If the lien claim was filed pursuant to a second contract which contained no waiver, it appears that appellant would be entitled to file the lien claim. N. Green & Co. v. Thompson, 172 Pa. 609, 33 A. 702 (1896). The lower court, however, by sustaining the appellees' preliminary objections, has denied the appellant an opportunity to prove the existence of the second contract. The lower court apparently assumed either that the lien claim was filed pursuant to the first contract; or that the waiver in the first contract precluded filing of a lien claim under the second; or that the second contract never existed. None of these assumptions is warranted on the basis of the abbreviated record before us.[3] Therefore, the lower court erred in dismissing appellant's lien before giving appellant the chance to prove its allegations.

Appellees also contend that there was no consideration for the second contract because appellant was already contractually obligated to perform the work. However, lack of consideration is normally an affirmative defense which must be raised by an answer in an action on the merits. Plasterer Estate, 413 Pa. 513, 198 A.2d 525 (1964).

On this appeal, we do not decide the validity of appellant's cause of action on the merits, nor do we decide the validity of any defenses appellees may have on the merits, including lack of consideration and the non-existence of a second contract.

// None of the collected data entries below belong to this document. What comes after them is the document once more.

(* Let $0<\phi<\pi/6$, $T>0$, $F,h\in\mathcal A_\phi$, $j\in\{0,1,2,3\}$ and $\nu>2\rho_0+1$. Then for all $p\in\mathcal S_\phi$, $0\le t\le T$, $$\Big|\int_0^t\big\{(p^j[F+h])*B_{j,0}-(p^jF)*B_{j,0}\big\}(p,\tau)\,e^{-p^3(t-\tau)}\,d\tau\Big|\le\frac{C(\phi)T^{(3-j)/3}e^{\nu|p|}}{M_0(1+|p|^2)}\||B_{j,0}|*|h|\|_\nu,$$ with $C(\phi)$ depending only on $\phi$.
   Context: Let $\rho_0>0$; $b_{j,0}(y,t)$ is analytic in $y$ on $\{(y,t):\arg y\in(-2\pi/3,2\pi/3),|y|>\rho_0,0\le t\le T\}$ with $|y^{\alpha_j}b_{j,0}|<A_b(T)$ ($\alpha_j>0$), and $B_{j,0}(p,t)=\frac1{2\pi i}\int_{\mathcal C}e^{py}b_{j,0}(y,t)dy$, $\mathcal C=\{c+ire^{i\phi'\mathrm{sgn}(r)}:r\in\mathbb R\}$, $c$ large, $\phi<\phi'<\pi/6$. $\mathcal S_\phi=\{p:\arg p\in(-\phi,\phi),0<|p|<\infty\}$, $\mathcal K=\overline{\mathcal S_\phi}\times[0,T]$; $\|G\|_\nu=M_0\sup_{\mathcal K}(1+|p|^2)e^{-\nu|p|}|G(p,t)|$ (also for continuous functions on $\mathcal K$), $M_0=\sup_{s\ge0}\frac{2(1+s^2)(\ln(1+s^2)+s\arctan s)}{s(s^2+4)}$; $\mathcal A_\phi$: functions analytic in $p\in\mathcal S_\phi$, continuous on $\overline{\mathcal S_\phi}$ for each $t$, with finite norm. $(F*G)(p,t)=\int_0^pF(s,t)G(p-s,t)ds$ along $[0,p]$. For $p=|p|e^{i\theta}$, $(|B|*|h|)(p,t)=\int_0^{|p|}|B(se^{i\theta},t)||h(p-se^{i\theta},t)|ds$. *)

theory Defs
  imports "HOL-Complex_Analysis.Complex_Analysis"
begin

definition sector :: "real \<Rightarrow> complex set" where
  "sector \<phi> = {p. p \<noteq> 0 \<and> -\<phi> < Arg p \<and> Arg p < \<phi>}"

The narrow question decided today *18 is whether appellant's claim can withstand appellees' preliminary objections. We have decided that narrow question in favor of appellant.

The order of the lower court is reversed and the case is remanded for proceedings consistent with this opinion.

NOTES

[1] Section 401 of the Act of Aug. 24, 1963, P.L. 1175, No. 497, art. IV (49 P.S. ยง 1401), permits a subcontractor to waive the right to file a claim.

[2] Appellant contends that a waiver of the right to file a mechanic's lien is not properly raised by preliminary objections. However, if the waiver is properly made a part of the record, as it is in this case, preliminary objections may be used to raise the issue of a waiver. Compare Carocci v. Piccone, 361 Pa. 93, 63 A.2d 65 (1949), with Dunham-Bush, Inc. v. Murray's 51 Lanes, Inc., 412 Pa. 424, 194 A.2d 887 (1963).

Moreover, this court has permitted preliminary objections to raise the issue of a waiver in a proceeding to obtain judgment on a filed lien claim under the Pennsylvania Rules of Civil Procedure. Stringert & Bowers, Inc. v. On-Line Systems, Inc., 236 Pa.Super. 196, 345 A.2d 194 (1975).

[3] When a defendant files preliminary objections to a complaint, all facts alleged in the complaint must be taken as true for purposes of determining the preliminary objections. Stringert & Bowers, Inc. v. On-Line Systems, Inc., note 2 supra. The situation is analogous when preliminary objections are filed to a lien claim. If the allegations in appellant's claim are taken as true, then the lien claim was filed pursuant to the second contract and the waiver is ineffective.